I tend to be of the old rigorous school for green-field database development: create a fully normalized logical database model, ideally pushing the model to a full 6th normal form. After this is done, denormalized to a physical database model that addresses performance and ease of use criteria of the customer. I believe an additional criteria needs to be included in the logical-to-physical data model activity, inclusion of data masking criteria.

Two important criteria to consider are:

  • Strive to have masking possible at a column-atomic level, if there is column-correlation then use adjunct tables for the columns that are correlated in a table.

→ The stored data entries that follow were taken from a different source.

lemma sum_wprob_const_add:
  assumes w: "\<And>k. k < n \<Longrightarrow> w k > 0"
  shows "(\<Sum>k<n. wprob w k * (c + f k)) = c + (\<Sum>k<n. wprob w k * f k)"
  using wprob_sum[of w, OF w] by (simp add: distrib_left sum.distrib flip: sum_distrib_right)

lemma wsum_mult_wprob: "wsum w > 0 \<Longrightarrow> wsum w * (\<Sum>k<n. wprob w k * f k) = (\<Sum>k<n. w k * f k)"
  by (simp add: sum_distrib_left wprob_def)

lemma row_dist:
  assumes w: "\<And>k. k < n \<Longrightarrow> w k > 0"
  shows "set_pmf (row_dist w) \<subseteq> {..<n}"
    and "measure_pmf.expectation (row_dist w) g = (\<Sum>i<n. wprob w i * g i)"
proof -
  note embed = embed_pmf_finite_support[of "\<lambda>i. if i < n then wprob w i else 0" "{..<n}"]
  have "\<And>i. 0 \<le> (if i < n then wprob w i else 0)" using wprob_nonneg[of w, OF w] by simp
  moreover have "(\<Sum>i<n. if i < n then wprob w i else 0) = 1" using wprob_sum[of w, OF w] by simp
  ultimately show "set_pmf (row_dist w) \<subseteq> {..<n}"
    and "measure_pmf.expectation (row_dist w) g = (\<Sum>i<n. wprob w i * g i)"
    unfolding row_dist_def using embed by auto
qed

lemma coord_dist:
  assumes "vnorm d x \<noteq> 0"
  shows "set_pmf (coord_dist x) \<subseteq> {..<d}"
    and "measure_pmf.expectation (coord_dist x) g = (\<Sum>j<d. (x j)^2 / (vnorm d x)^2 * g j)"
proof -
  note embed = embed_pmf_finite_support[of "\<lambda>j. if j < d then (x j)^2 / (vnorm d x)^2 else 0" "{..<d}"]
  have "(\<Sum>j<d. if j < d then (x j)^2 / (vnorm d x)^2 else 0) = 1"
    using assms by (simp add: sum_divide_distrib[symmetric] vnorm_power2[symmetric])
  then show "set_pmf (coord_dist x) \<subseteq> {..<d}"
    and "measure_pmf.expectation (coord_dist x) g = (\<Sum>j<d. (x j)^2 / (vnorm d x)^2 * g j)"
    unfolding coord_dist_def using assms embed by auto
qed

lemma finite_coord_dist: "finite (set_pmf (coord_dist x))"
  using coord_dist(1)[of x] finite_subset by (cases "vnorm d x = 0") (auto simp: coord_dist_def)

text \<open>Sampling j with probability x_j^2/||x||^2 makes A_k(j) ||x||^2/x_j an unbiased estimator of
  A_k.x whose second moment is ||A_k||^2 ||x||^2; clipping at 1/eta costs a bias of eta times
  that second moment.\<close>
lemma v_est_moments:
  assumes k: "k < n" and x: "vnorm d x \<le> 1"
  shows "\<bar>measure_pmf.expectation (coord_dist x) (\<lambda>j. v_est x j k) - dot d (A k) x\<bar> \<le> \<eta>"
    and "measure_pmf.expectation (coord_dist x) (\<lambda>j. (v_est x j k)^2) \<le> 1"
proof -
  consider "vnorm d x = 0" | "vnorm d x \<noteq> 0" by blast
  then have "\<bar>measure_pmf.expectation (coord_dist x) (\<lambda>j. v_est x j k) - dot d (A k) x\<bar> \<le> \<eta> \<and>
         measure_pmf.expectation (coord_dist x) (\<lambda>j. (v_est x j k)^2) \<le> 1"
  proof cases
    case 1
    hence "dot d (A k) x = 0" by (simp add: vnorm_eq_0_iff dot_def)
    thus ?thesis using 1 eta_pos by (simp add: coord_dist_def v_est_def)
  next
    case r0: 2
    define p where "p j = (x j)^2 / (vnorm d x)^2" for j
    define u where "u j = A k j * (vnorm d x)^2 / x j" for j
    have p_nonneg: "0 \<le> p j" for j by (simp add: p_def)
    have E_v: "measure_pmf.expectation (coord_dist x) (\<lambda>j. v_est x j k) = (\<Sum>j<d. p j * clip (u j) (1/\<eta>))"
      and E_v2: "measure_pmf.expectation (coord_dist x) (\<lambda>j. (v_est x j k)^2)
                   = (\<Sum>j<d. p j * (clip (u j) (1/\<eta>))^2)"
      using r0 by (simp_all add: coord_dist v_est_def p_def u_def)
    have "p j * u j = A k j * x j" for j
      using r0 by (cases "x j = 0") (auto simp: p_def u_def field_simps power2_eq_square)
    hence dot_eq: "dot d (A k) x = (\<Sum>j<d. p j * u j)" by (simp add: dot_def)
    have "p j * (u j)^2 \<le> (A k j)^2 * (vnorm d x)^2" for j
      using r0 by (cases "x j = 0") (simp add: p_def, simp add: p_def u_def field_simps power2_eq_square)
    hence "(\<Sum>j<d. p j * (u j)^2) \<le> (\<Sum>j<d. (A k j)^2 * (vnorm d x)^2)" by (rule sum_mono)
    also have "\<dots> = (vnorm d (A k))^2 * (vnorm d x)^2" by (simp add: vnorm_power2 sum_distrib_right)
    also have "\<dots> \<le> 1 * 1" using vnorm_row_le[OF k] x by (intro mult_mono power_le_one) auto
    finally have second_moment: "(\<Sum>j<d. p j * (u j)^2) \<le> 1" by simp
    have "\<bar>(\<Sum>j<d. p j * clip (u j) (1/\<eta>)) - (\<Sum>j<d. p j * u j)\<bar> \<le> \<eta> * (\<Sum>j<d. p j * (u j)^2)"
      using abs_sum_clip_diff_le[of "1/\<eta>" p u "{..<d}"] eta_pos p_nonneg by (simp add: mult.commute)
    also have "\<dots> \<le> \<eta>" using second_moment eta_pos by (simp add: mult_le_cancel_left1)
    finally have bias: "\<bar>(\<Sum>j<d. p j * clip (u j) (1/\<eta>)) - (\<Sum>j<d. p j * u j)\<bar> \<le> \<eta>" .
    have "(\<Sum>j<d. p j * (clip (u j) (1/\<eta>))^2) \<le> (\<Sum>j<d. p j * (u j)^2)"
      using eta_pos p_nonneg by (intro sum_clip_power2_le) auto
    thus ?thesis using bias second_moment E_v E_v2 dot_eq by simp
  qed
  thus "\<bar>measure_pmf.expectation (coord_dist x) (\<lambda>j. v_est x j k) - dot d (A k) x\<bar> \<le> \<eta>"
    and "measure_pmf.expectation (coord_dist x) (\<lambda>j. (v_est x j k)^2) \<le> 1" by auto
qed

lemma wsum_mw_update_le:
  assumes w: "\<And>k. k < n \<Longrightarrow> w k > 0"
  shows "wsum (mw_update w x j) \<le> wsum w * exp (- \<eta> * (\<Sum>k<n. wprob w k * v_est x j k)
                                               + \<eta>^2 * (\<Sum>k<n. wprob w k * (v_est x j k)^2))"
proof -
  define D1 where "D1 = (\<Sum>k<n. wprob w k * v_est x j k)"
  define D2 where "D2 = (\<Sum>k<n. wprob w k * (v_est x j k)^2)"
  have W: "wsum w > 0" using wsum_pos w by blast
  have "wsum (mw_update w x j) = wsum w * (\<Sum>k<n. wprob w k * (1 - \<eta> * v_est x j k + \<eta>^2 * (v_est x j k)^2))"
    by (simp add: wsum_mult_wprob[OF W]) (simp add: wsum_def mw_update_def)
  also have "(\<Sum>k<n. wprob w k * (1 - \<eta> * v_est x j k + \<eta>^2 * (v_est x j k)^2)) = 1 - \<eta> * D1 + \<eta>^2 * D2"
    using wprob_sum[of w, OF w]
    by (simp add: D1_def D2_def algebra_simps sum.distrib sum_subtractf sum_distrib_left)
  also have "wsum w * (1 - \<eta> * D1 + \<eta>^2 * D2) \<le> wsum w * exp (- \<eta> * D1 + \<eta>^2 * D2)"
    using W exp_ge_add_one_self[of "- \<eta> * D1 + \<eta>^2 * D2"] by (intro mult_left_mono) linarith+
  finally show ?thesis by (simp add: D1_def D2_def)
qed

lemma exp_le_mw_update:
  assumes "exp (- \<eta> * V) \<le> w k"
  shows "exp (- \<eta> * (V + v_est x j k)) \<le> mw_update w x j k"
proof -
  have "exp (- \<eta> * (V + v_est x j k)) = exp (- \<eta> * V) * exp (- \<eta> * v_est x j k)"
    by (simp add: algebra_simps flip: exp_add)
  also have "\<dots> \<le> w k * (1 - \<eta> * v_est x j k + \<eta>^2 * (v_est x j k)^2)"
    using assms exp_le_mw_factor[OF abs_v_est_le]
    by (intro mult_mono) (auto intro: order.trans[OF exp_ge_zero])
  finally show ?thesis by (simp add: mw_update_def)
qed

lemma vnorm_ystep_row_le: "i < n \<Longrightarrow> vnorm d (\<lambda>k. ystep * A i k) \<le> ystep"
  using vnorm_row_le[of i] ystep_pos by (simp add: vnorm_scale mult_le_cancel_left1)

lemma ball_potential_y_update_le:
  assumes i: "i < n"
  shows "ball_potential d (y_update y i)
           \<le> ball_potential d y + ystep * dot d (A i) (ball_proj d y) + ystep^2 / 2"
proof -
  have "ball_potential d (y_update y i) \<le> ball_potential d y
          + dot d (\<lambda>k. ystep * A i k) (ball_proj d y) + (vnorm d (\<lambda>k. ystep * A i k))^2 / 2"
    unfolding y_update_def by (rule ball_potential_add_le)
  also have "dot d (\<lambda>k. ystep * A i k) (ball_proj d y) = ystep * dot d (A i) (ball_proj d y)"
    by (simp add: dot_def sum_distrib_left algebra_simps)
  also have "(vnorm d (\<lambda>k. ystep * A i k))^2 \<le> ystep^2"
    using vnorm_ystep_row_le[OF i] by (intro power_mono) auto
  finally show ?thesis by simp
qed

lemma vnorm_y_update_le: "i < n \<Longrightarrow> vnorm d (y_update y i) \<le> vnorm d y + ystep"
  using vnorm_add_le[of d y "\<lambda>k. ystep * A i k"] vnorm_ystep_row_le[of i]
  by (simp add: y_update_def)

text \<open>The deterministic facts about a run of length t: the first three lines are bookkeeping, the
  fourth is the potential form of the regret bound of lazy projected gradient ascent, and the last
  two lines bound the total weight of multiplicative weights from above and below.\<close>
definition run_inv :: "nat \<Rightarrow> sp_state \<Rightarrow> bool" where
  "run_inv t a \<longleftrightarrow> length (indices a) = t \<and> set (indices a) \<subseteq> {..<n} \<and> (\<forall>k. weights a k > 0) \<and>
     yvec a = (\<lambda>k. ystep * row_sum A (indices a) k) \<and>
     vnorm d (xsum a) \<le> t \<and> vnorm d (yvec a) \<le> t * ystep \<and>
     ball_potential d (yvec a) \<le> ystep * gain a + t * ystep^2 / 2 \<and>
     wsum (weights a) \<le> n * exp (- \<eta> * mw_loss a + \<eta>^2 * mw_loss2 a) \<and>
     (\<forall>k<n. exp (- \<eta> * vsum a k) \<le> weights a k)"

lemma run_inv_init: "run_inv 0 aug_init"
  by (simp add: run_inv_def wsum_def row_sum_def)

lemma run_inv_aug_update:
  assumes inv: "run_inv t a" and i: "i < n"
  shows "run_inv (Suc t) (aug_update a i j)"
proof -
  define w where "w = weights a"
  define y where "y = yvec a"
  define x where "x = ball_proj d y"
  have w_pos: "\<And>k. w k > 0" using inv by (simp add: run_inv_def w_def)
  have x_le: "vnorm d x \<le> 1" unfolding x_def by (rule vnorm_ball_proj_le)
  have "mw_update w x j k > 0" for k
    using w_pos mw_factor_pos by (simp add: mw_update_def)
  moreover have "yvec (aug_update a i j) = (\<lambda>k. ystep * row_sum A (indices a @ [i]) k)"
    using inv by (simp add: aug_update_def Let_def run_inv_def y_update_def row_sum_def algebra_simps)
  moreover have "vnorm d (\<lambda>k. xsum a k + x k) \<le> Suc t"
    using vnorm_add_le[of d "xsum a" x] inv x_le by (simp add: run_inv_def)
  moreover have "vnorm d (y_update y i) \<le> Suc t * ystep"
  proof -
    have "vnorm d y \<le> t * ystep" using inv unfolding run_inv_def y_def by blast
    thus ?thesis using vnorm_y_update_le[OF i, of y] by (simp add: algebra_simps)
  qed
  moreover have "ball_potential d (y_update y i) \<le> ystep * (gain a + dot d (A i) x) + Suc t * ystep^2 / 2"
  proof -
    have "ball_potential d y \<le> ystep * gain a + t * ystep^2 / 2"
      using inv unfolding run_inv_def y_def by blast
    thus ?thesis using ball_potential_y_update_le[OF i, of y]
      by (simp add: x_def algebra_simps add_divide_distrib)
  qed
  moreover have "wsum (mw_update w x j) \<le> n * exp (- \<eta> * (mw_loss a + (\<Sum>k<n. wprob w k * v_est x j k))
                   + \<eta>^2 * (mw_loss2 a + (\<Sum>k<n. wprob w k * (v_est x j k)^2)))"
  proof -
    define L where "L = - \<eta> * (\<Sum>k<n. wprob w k * v_est x j k) + \<eta>^2 * (\<Sum>k<n. wprob w k * (v_est x j k)^2)"
    have "wsum (mw_update w x j) \<le> wsum w * exp L"
      unfolding L_def using w_pos by (rule wsum_mw_update_le)
    also have "\<dots> \<le> n * exp (- \<eta> * mw_loss a + \<eta>^2 * mw_loss2 a) * exp L"
      using inv by (intro mult_right_mono) (auto simp: run_inv_def w_def)
    finally show ?thesis by (simp add: L_def mult.assoc algebra_simps flip: exp_add)
  qed
  moreover have "\<forall>k<n. exp (- \<eta> * (vsum a k + v_est x j k)) \<le> mw_update w x j k"
    using inv exp_le_mw_update by (simp add: run_inv_def w_def)
  ultimately show ?thesis
    using inv i by (simp add: run_inv_def aug_update_def Let_def w_def y_def x_def)
qed

lemma run_inv_weights_pos: "run_inv t a \<Longrightarrow> weights a k > 0"
  by (simp add: run_inv_def)

lemma set_pmf_row_dist_weights: "run_inv t a \<Longrightarrow> set_pmf (row_dist (weights a)) \<subseteq> {..<n}"
  by (rule row_dist(1)) (simp add: run_inv_weights_pos)

lemma set_pmf_aug_step:
  "run_inv t a \<Longrightarrow> set_pmf (aug_step a) \<subseteq> {aug_update a i j | i j. i < n}"
  using set_pmf_row_dist_weights by (fastforce simp: aug_step_def)

lemma finite_aug_step: "run_inv t a \<Longrightarrow> finite (set_pmf (aug_step a))"
  using set_pmf_row_dist_weights finite_subset
  by (fastforce simp: aug_step_def finite_coord_dist)

lemma run_inv_aug_run: "a \<in> set_pmf (aug_run t) \<Longrightarrow> run_inv t a"
proof (induction t arbitrary: a)
  case 0 thus ?case using run_inv_init by simp
next
  case (Suc t)
  then obtain b where b: "b \<in> set_pmf (aug_run t)" and a: "a \<in> set_pmf (aug_step b)" by auto
  have "run_inv t b" using Suc.IH b .
  thus ?case using set_pmf_aug_step a run_inv_aug_update by blast
qed

lemma finite_aug_run: "finite (set_pmf (aug_run t))"
  by (induction t) (auto intro: finite_aug_step run_inv_aug_run)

  • Complete avoidance of natural keys.

Column Level Masking and Correlation

If there are no dependencies on other columns, you are probably in normal form and have no hard-dependencies. This is also a soft dependency which I term column-correlation which I define as:

  • The value in column A results in a subset of values being valid for another column B.

In most cases, the columns will be category columns. For example: Gender and Method of Address are correlated:

  • F –> Ms, Mrs, Dr. Prof.

  • M –> Mr. Dr. Prof.

  • U –> Dr. Prof.

A randomizer will result in M- Ms, or F-Mr (ignoring issues with transgender)

This situation and standard forms in data modeling have a painful co-existence. Traditionally an address will be decomposed into atomic components such as zip code, city, state, county, address line 1, address line 2, etc. Ideally, it would also have a column indicating if this was a postal address or the delivery service address. When it is time to mask  these columns a host of issue arise because these columns are correlated.

A typical issue is sales  tax calculations. Sales tax calculations uses one or more  addresses (destination, shipper, billing) to calculate the sales tax. If you masked one column then the address may be deemed invalid and the call for tax may fail. For example, my home zip code covers two counties and 3 towns/cites. There are a few cases where a community crosses an international border. 123 Main Street may be in the US, 223 Main Street may be in Canada.

My approach is to break out these correlated columns into molecules as separate adjunct tables using surrogate keys. This allows an easy shuffling of the keys, or the substitution of the rows with alternative valid records.

Avoidance of natural keys

Surrogate keys should be used for all referential integrity, foreign keys, primary key and  alternative primary keys. A natural key, such as a two character state (WA,CA, etc) may be tempting to use, but it then means that data masking may not be column-atomic. I have found some shops have been aggressive on this point by requiring all referential integrity to use GUID/Unique Identifiers. This slightly extreme approach has some advantages because often enumerations are saved as integers creating a quasi-natural key that creates unforeseen problems with data masking.

Other Data Modeling Criteria for Data Masking?

Readers may wish to suggest other criteria, there are several more that I know of, but they occur rarely so I will not burden the reader with academic issues.